=== Begin Enclosure ===

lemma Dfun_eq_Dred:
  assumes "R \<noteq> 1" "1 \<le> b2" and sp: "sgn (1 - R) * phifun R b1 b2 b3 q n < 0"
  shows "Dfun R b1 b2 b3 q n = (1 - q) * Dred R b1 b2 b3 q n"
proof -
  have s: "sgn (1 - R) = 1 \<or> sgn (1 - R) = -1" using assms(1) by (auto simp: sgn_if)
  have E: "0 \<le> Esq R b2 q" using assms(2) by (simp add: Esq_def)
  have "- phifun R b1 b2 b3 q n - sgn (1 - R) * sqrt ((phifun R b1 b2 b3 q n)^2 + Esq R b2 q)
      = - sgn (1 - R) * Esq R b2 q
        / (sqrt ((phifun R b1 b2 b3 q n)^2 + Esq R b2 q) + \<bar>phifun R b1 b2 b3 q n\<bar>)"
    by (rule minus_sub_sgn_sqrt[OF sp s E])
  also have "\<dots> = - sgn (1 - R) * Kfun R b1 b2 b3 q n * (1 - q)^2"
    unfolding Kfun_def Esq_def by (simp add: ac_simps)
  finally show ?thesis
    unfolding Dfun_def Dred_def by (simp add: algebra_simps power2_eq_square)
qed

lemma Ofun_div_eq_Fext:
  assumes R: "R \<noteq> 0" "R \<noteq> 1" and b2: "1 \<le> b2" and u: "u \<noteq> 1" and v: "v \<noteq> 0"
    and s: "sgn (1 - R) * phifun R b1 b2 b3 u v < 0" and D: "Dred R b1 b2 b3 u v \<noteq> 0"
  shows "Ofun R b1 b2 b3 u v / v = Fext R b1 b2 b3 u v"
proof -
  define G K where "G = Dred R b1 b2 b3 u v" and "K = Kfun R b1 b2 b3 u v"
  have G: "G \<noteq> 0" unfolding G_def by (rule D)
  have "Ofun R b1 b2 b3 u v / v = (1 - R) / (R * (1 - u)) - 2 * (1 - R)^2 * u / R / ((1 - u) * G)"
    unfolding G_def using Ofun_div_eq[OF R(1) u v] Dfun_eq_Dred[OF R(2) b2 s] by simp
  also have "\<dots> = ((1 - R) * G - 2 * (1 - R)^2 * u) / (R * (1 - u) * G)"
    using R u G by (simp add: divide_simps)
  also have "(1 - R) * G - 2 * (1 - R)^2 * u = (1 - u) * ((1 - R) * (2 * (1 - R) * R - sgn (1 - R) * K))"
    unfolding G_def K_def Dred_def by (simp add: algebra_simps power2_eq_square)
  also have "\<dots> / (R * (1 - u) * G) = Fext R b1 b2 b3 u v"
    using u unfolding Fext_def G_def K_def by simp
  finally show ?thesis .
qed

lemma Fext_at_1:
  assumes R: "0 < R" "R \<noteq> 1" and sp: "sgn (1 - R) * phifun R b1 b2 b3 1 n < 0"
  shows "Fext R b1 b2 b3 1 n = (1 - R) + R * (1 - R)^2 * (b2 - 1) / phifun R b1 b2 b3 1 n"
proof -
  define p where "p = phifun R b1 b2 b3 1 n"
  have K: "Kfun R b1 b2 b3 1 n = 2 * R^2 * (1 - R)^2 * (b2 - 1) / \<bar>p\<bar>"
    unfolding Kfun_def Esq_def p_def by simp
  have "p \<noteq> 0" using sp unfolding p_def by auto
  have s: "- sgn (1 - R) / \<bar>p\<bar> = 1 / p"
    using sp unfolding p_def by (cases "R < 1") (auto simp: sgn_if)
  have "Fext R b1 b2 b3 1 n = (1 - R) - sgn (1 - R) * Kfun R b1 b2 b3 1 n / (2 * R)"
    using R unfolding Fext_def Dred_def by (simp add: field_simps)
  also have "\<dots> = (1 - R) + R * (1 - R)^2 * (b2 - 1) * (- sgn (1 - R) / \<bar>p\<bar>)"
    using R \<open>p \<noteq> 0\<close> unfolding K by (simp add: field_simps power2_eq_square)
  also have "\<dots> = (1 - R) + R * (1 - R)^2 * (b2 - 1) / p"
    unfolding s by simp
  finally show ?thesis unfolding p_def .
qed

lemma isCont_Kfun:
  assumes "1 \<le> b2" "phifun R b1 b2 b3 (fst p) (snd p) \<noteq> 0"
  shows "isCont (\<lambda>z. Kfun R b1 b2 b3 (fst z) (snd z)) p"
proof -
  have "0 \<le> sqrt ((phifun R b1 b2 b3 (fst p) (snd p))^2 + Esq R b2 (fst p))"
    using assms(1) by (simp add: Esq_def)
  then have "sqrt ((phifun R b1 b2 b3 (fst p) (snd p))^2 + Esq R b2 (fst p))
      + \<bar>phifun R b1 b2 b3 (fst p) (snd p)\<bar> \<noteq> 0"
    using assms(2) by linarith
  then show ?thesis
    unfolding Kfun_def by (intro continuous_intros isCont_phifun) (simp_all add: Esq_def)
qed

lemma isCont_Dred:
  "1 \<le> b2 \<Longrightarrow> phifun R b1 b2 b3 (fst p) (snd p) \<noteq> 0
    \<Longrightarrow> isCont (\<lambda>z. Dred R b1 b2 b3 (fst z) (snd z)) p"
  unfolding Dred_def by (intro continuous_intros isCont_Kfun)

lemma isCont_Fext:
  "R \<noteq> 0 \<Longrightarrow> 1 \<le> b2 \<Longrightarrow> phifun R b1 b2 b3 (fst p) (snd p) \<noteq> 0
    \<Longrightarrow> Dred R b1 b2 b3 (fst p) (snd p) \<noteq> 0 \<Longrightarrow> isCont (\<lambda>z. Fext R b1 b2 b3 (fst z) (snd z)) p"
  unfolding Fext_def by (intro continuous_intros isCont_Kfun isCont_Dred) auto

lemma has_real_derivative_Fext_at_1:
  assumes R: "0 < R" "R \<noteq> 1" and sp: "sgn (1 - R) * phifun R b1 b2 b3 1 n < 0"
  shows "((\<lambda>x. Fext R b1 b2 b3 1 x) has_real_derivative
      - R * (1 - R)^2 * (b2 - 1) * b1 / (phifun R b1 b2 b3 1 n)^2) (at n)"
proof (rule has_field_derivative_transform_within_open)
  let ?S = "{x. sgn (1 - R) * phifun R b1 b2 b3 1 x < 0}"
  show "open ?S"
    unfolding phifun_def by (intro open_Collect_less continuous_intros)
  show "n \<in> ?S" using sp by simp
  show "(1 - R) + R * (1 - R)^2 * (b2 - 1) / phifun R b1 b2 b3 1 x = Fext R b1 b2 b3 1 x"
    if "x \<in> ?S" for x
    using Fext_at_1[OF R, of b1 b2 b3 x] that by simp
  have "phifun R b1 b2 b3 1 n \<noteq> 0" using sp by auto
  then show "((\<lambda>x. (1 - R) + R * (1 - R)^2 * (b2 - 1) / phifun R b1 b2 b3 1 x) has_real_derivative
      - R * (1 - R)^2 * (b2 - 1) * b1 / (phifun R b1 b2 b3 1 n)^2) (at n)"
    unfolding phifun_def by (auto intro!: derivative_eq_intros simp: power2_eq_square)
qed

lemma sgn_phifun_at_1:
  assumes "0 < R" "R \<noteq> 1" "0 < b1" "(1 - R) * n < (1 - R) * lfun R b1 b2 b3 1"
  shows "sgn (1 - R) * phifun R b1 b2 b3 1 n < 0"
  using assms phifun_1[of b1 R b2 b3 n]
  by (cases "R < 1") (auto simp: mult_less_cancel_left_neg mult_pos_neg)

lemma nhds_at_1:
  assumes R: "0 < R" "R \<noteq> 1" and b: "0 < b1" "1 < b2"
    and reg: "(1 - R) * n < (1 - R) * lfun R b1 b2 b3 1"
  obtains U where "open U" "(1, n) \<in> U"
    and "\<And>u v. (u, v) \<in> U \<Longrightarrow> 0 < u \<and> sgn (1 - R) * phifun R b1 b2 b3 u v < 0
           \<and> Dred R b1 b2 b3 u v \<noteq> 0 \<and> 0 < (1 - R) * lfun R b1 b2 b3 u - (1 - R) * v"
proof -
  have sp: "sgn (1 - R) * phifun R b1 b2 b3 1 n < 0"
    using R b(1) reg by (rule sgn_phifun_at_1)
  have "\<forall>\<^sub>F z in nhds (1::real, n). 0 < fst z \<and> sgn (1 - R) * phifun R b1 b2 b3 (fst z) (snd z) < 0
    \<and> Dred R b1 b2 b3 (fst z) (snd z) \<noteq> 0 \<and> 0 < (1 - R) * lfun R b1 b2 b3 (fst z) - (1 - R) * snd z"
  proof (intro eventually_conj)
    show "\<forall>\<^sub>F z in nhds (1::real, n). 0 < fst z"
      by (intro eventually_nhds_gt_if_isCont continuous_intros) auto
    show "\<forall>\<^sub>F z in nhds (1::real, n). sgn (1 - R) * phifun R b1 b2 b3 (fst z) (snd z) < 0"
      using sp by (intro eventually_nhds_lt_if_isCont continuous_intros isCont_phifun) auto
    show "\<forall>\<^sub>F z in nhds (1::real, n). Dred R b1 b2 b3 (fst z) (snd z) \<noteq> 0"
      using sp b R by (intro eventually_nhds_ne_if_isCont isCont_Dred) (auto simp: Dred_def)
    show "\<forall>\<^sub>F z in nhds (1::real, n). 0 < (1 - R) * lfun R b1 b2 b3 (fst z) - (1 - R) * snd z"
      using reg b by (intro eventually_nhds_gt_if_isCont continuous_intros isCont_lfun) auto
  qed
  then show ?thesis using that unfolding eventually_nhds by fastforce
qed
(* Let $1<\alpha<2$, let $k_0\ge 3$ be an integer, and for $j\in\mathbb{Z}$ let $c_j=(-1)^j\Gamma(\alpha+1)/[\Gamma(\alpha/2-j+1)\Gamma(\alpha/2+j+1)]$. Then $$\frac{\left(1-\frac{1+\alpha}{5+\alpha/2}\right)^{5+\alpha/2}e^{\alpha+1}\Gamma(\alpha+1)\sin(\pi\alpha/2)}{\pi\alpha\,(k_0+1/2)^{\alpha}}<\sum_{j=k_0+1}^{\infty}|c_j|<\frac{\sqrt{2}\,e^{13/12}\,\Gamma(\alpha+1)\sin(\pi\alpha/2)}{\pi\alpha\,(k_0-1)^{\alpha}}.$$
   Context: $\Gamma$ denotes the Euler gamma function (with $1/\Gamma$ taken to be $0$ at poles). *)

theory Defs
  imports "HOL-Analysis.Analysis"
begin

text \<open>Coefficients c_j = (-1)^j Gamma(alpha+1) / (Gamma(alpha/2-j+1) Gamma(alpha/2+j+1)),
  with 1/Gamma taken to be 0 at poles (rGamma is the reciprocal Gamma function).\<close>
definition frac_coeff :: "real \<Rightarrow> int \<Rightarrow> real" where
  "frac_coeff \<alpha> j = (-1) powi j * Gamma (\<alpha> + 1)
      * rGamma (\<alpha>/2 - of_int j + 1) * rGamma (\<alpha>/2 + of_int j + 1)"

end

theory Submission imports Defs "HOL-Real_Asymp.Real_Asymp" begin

=== End Enclosure ===

HOW TO COMPLETE THIS TASK. Look above for the line with "unfolding s by simp"; retype exactly that line, every line after it up to the line with "using assms(1) by (simp add: Esq_def)", and that line too, nothing else.

YOUR RESPONSE.
    unfolding s by simp
  finally show ?thesis unfolding p_def .
qed

lemma isCont_Kfun:
  assumes "1 \<le> b2" "phifun R b1 b2 b3 (fst p) (snd p) \<noteq> 0"
  shows "isCont (\<lambda>z. Kfun R b1 b2 b3 (fst z) (snd z)) p"
proof -
  have "0 \<le> sqrt ((phifun R b1 b2 b3 (fst p) (snd p))^2 + Esq R b2 (fst p))"
    using assms(1) by (simp add: Esq_def)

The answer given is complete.